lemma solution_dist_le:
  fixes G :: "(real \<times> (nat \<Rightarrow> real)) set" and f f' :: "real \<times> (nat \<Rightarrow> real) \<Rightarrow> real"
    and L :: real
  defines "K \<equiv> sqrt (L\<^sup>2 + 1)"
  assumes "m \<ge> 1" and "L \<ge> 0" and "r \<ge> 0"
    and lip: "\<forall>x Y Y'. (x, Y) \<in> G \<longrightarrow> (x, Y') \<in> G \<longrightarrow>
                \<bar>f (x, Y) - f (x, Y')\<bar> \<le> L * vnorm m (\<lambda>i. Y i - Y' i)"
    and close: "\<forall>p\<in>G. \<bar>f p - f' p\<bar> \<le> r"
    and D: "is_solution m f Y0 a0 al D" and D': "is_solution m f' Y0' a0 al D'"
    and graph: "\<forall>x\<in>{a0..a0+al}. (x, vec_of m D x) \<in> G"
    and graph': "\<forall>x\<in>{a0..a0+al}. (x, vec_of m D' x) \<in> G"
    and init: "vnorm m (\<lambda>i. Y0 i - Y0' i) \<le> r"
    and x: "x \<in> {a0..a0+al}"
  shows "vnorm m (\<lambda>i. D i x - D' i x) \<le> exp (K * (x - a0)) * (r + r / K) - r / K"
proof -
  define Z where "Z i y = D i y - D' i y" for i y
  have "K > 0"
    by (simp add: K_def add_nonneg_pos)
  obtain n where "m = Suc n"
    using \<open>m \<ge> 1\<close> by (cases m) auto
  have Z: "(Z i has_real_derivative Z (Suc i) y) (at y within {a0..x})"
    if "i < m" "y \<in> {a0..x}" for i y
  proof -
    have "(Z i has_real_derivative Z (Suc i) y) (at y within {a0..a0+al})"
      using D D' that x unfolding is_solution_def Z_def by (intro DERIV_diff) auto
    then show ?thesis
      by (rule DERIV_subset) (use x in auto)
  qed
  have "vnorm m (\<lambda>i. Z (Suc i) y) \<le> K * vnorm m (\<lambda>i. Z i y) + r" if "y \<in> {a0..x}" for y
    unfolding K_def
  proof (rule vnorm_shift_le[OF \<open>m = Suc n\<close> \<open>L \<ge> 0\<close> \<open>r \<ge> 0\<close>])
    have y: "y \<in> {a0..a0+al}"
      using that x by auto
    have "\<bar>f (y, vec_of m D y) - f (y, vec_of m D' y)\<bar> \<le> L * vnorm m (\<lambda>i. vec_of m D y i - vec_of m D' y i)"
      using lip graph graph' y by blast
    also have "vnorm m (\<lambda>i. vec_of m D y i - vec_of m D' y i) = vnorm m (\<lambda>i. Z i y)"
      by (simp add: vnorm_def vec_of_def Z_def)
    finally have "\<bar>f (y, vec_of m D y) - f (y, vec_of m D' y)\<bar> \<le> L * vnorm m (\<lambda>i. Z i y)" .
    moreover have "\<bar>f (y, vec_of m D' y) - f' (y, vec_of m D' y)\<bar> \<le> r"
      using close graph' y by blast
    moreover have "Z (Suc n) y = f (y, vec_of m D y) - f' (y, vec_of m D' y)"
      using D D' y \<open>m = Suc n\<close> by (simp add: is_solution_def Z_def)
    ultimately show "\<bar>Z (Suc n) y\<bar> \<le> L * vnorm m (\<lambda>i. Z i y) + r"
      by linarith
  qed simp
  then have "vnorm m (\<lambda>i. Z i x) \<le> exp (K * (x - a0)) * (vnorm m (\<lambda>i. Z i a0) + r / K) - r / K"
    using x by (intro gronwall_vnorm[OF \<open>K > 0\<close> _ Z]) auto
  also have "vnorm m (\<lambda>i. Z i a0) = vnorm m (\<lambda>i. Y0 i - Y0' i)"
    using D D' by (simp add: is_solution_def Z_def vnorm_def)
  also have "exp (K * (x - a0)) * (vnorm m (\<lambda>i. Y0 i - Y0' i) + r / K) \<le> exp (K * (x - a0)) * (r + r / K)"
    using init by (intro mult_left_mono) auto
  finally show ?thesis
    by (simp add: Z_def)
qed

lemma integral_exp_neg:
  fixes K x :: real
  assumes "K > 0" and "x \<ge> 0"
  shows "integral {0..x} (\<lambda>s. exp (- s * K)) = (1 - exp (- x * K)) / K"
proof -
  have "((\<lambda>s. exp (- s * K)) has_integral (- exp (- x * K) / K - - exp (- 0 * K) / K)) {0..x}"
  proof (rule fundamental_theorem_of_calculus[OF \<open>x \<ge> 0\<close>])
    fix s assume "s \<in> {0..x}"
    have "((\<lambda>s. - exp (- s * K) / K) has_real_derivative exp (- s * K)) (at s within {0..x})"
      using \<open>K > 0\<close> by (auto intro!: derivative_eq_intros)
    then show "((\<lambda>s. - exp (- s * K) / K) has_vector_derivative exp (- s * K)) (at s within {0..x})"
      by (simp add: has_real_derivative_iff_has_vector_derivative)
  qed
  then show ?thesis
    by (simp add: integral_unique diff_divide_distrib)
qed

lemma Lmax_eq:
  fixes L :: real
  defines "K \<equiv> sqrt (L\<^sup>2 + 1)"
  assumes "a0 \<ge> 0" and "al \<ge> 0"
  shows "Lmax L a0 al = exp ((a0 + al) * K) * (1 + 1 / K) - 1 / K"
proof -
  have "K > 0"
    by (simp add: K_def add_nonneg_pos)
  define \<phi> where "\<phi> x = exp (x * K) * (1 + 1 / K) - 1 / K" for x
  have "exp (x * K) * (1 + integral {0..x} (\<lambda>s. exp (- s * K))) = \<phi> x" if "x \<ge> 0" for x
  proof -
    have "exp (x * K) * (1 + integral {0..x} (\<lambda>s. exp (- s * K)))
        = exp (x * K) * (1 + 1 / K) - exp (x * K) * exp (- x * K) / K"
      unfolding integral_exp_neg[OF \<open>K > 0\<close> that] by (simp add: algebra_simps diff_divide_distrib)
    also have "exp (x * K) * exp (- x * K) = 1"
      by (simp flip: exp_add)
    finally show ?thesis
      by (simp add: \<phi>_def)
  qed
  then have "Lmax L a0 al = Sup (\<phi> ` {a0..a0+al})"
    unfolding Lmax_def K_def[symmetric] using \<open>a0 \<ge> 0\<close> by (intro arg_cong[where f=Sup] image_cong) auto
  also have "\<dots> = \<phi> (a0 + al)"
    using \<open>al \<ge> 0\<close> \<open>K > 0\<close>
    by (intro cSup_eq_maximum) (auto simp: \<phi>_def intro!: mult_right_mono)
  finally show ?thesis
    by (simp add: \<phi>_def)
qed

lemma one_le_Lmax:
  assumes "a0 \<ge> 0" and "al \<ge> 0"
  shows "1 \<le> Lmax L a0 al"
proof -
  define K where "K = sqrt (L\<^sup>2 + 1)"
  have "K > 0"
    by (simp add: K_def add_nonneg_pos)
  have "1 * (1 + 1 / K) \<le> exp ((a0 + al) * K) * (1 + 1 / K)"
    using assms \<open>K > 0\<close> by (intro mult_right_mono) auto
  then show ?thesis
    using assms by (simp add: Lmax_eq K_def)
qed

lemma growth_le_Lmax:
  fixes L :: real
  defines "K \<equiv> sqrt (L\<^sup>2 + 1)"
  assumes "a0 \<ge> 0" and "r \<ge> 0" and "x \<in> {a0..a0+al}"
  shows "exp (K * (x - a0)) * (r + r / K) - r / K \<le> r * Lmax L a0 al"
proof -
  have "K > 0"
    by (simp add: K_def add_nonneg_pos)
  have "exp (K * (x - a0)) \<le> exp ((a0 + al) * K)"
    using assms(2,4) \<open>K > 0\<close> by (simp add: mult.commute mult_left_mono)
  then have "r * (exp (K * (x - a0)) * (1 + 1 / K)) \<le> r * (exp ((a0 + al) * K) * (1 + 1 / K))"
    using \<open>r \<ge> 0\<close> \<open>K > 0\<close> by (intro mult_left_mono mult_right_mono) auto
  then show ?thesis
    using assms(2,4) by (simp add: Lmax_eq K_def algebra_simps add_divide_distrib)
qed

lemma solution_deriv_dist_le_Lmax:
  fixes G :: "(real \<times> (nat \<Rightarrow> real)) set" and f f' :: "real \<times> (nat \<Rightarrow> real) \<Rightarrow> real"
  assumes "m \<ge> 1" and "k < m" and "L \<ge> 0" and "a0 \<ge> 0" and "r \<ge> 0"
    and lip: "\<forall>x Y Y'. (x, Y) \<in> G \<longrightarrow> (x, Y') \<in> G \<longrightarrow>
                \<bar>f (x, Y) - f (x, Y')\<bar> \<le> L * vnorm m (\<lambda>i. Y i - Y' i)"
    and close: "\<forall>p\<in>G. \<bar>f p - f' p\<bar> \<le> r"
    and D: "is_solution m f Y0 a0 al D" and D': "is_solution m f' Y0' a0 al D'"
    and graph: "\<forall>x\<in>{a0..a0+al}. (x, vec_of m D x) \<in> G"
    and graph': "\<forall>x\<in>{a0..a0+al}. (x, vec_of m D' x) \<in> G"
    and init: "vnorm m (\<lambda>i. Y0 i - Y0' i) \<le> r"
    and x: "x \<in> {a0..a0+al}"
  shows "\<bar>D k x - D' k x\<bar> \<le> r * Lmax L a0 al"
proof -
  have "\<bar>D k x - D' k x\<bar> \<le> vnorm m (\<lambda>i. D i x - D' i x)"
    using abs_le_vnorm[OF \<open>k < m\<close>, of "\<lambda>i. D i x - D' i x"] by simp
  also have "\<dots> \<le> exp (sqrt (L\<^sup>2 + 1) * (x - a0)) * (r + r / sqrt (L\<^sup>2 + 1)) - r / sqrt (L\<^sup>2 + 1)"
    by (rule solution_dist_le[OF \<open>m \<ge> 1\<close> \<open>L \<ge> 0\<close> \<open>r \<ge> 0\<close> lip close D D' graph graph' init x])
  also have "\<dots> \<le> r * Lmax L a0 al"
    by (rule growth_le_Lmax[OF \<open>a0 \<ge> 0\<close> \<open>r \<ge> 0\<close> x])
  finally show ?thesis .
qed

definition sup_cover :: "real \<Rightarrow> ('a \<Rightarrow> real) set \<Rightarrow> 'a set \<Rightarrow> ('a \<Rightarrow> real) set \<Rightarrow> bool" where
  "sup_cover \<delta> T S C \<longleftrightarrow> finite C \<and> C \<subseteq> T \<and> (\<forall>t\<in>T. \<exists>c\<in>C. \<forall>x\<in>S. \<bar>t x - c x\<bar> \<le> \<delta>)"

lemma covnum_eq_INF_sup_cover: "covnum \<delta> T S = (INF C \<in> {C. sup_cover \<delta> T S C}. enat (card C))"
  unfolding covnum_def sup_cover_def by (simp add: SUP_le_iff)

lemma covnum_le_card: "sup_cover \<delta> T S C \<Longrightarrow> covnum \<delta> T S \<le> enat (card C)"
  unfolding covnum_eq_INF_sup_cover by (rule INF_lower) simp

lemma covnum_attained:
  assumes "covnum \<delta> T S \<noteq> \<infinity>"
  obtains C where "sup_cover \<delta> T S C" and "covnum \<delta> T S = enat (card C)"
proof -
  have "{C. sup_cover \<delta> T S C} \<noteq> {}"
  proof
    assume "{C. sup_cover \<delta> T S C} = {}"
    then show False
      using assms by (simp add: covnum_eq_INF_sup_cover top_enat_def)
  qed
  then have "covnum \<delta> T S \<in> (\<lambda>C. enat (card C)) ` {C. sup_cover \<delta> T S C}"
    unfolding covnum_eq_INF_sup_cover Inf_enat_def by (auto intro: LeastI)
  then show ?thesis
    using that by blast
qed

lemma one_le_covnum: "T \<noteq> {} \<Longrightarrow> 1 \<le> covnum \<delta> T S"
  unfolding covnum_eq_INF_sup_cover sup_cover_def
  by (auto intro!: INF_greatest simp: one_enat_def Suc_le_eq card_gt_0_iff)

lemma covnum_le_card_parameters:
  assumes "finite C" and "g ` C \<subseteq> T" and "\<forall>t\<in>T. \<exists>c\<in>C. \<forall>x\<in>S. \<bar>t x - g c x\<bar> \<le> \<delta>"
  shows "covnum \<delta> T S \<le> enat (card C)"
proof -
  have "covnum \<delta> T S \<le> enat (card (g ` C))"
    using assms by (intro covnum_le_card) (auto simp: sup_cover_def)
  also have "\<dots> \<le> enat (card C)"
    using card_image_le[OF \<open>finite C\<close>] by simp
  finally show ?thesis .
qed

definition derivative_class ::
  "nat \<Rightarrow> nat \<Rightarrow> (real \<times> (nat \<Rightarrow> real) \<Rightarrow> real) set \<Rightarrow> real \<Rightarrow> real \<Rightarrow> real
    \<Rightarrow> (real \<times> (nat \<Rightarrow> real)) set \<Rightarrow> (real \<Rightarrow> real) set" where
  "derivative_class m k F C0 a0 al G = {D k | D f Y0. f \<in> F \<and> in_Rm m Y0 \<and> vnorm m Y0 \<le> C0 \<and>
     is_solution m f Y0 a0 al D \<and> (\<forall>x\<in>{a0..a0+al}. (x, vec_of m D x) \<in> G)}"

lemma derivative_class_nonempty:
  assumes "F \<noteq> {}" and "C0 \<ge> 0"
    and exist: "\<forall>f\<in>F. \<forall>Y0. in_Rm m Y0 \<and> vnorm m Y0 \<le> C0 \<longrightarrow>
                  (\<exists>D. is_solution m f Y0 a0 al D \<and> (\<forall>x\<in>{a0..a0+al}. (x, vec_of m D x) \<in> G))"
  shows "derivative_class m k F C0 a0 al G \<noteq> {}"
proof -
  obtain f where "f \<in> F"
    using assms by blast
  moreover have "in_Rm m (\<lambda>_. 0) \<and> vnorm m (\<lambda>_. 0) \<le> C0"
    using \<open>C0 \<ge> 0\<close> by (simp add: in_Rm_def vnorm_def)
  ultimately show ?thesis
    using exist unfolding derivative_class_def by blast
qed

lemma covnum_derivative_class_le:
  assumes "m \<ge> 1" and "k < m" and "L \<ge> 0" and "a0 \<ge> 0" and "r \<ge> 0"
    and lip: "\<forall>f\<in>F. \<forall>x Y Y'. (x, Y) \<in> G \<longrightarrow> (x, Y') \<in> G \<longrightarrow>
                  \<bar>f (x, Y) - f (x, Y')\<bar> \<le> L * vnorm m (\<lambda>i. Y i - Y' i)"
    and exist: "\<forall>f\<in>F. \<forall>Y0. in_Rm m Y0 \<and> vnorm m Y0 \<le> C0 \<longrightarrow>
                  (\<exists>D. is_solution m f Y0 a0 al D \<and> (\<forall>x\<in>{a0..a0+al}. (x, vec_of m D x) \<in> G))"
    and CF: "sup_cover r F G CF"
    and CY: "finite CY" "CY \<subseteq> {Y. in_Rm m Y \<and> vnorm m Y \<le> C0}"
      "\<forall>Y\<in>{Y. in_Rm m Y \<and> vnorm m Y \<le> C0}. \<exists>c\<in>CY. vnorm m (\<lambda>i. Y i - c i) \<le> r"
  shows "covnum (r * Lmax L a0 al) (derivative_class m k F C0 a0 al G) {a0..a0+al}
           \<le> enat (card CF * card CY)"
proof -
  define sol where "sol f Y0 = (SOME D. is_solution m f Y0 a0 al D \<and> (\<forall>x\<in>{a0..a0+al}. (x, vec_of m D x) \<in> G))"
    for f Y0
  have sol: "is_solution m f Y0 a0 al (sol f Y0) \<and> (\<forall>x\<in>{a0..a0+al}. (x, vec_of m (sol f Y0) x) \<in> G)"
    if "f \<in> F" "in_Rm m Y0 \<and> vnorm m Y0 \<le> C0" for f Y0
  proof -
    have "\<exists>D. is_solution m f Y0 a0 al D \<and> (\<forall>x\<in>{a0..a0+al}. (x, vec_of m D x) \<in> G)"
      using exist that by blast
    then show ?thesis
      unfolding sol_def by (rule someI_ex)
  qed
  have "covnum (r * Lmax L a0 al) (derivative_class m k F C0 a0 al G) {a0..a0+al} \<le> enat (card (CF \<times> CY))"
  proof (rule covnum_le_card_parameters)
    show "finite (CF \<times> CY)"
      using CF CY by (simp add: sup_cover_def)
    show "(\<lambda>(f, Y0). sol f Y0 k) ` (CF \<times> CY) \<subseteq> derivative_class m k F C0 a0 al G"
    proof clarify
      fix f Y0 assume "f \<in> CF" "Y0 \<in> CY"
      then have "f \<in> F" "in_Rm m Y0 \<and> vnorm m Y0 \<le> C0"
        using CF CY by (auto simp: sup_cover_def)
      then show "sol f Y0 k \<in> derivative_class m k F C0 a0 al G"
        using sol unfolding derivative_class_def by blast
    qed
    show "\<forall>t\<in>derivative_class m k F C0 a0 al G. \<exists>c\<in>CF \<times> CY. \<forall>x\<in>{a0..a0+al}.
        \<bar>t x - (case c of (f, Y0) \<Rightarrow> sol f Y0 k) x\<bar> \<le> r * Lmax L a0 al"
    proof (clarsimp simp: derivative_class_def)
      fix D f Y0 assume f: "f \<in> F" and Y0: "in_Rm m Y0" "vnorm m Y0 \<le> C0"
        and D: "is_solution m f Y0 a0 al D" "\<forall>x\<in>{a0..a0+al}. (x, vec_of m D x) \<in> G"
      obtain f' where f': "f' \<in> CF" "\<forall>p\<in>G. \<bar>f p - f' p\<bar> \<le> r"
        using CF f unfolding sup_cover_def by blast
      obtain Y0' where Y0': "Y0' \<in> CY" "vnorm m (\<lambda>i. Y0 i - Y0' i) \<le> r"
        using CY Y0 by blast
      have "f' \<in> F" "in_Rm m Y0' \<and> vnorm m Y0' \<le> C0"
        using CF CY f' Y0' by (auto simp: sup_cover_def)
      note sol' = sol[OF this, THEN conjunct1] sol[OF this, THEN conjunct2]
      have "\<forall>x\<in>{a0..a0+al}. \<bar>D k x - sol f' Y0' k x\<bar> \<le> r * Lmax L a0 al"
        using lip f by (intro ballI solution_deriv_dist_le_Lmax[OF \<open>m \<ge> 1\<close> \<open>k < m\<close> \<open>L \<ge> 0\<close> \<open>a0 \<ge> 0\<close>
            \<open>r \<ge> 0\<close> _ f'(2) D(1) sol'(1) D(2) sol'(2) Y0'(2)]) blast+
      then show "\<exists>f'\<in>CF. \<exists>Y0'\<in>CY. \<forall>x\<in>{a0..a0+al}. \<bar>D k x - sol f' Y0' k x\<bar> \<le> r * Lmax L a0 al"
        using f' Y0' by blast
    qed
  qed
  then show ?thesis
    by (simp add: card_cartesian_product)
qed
____
:: TASK STATEMENT ::
Lines that hold the word "assms" are the ones to copy from the entries above.

:: RESULT FOR THIS EXERCISE ::
    using assms \<open>K > 0\<close> by (intro mult_right_mono) auto
    using assms by (simp add: Lmax_eq K_def)
    using assms(2,4) \<open>K > 0\<close> by (simp add: mult.commute mult_left_mono)
    using assms(2,4) by (simp add: Lmax_eq K_def algebra_simps add_divide_distrib)
      using assms by (simp add: covnum_eq_INF_sup_cover top_enat_def)
    using assms by (intro covnum_le_card) (auto simp: sup_cover_def)
    using assms by blast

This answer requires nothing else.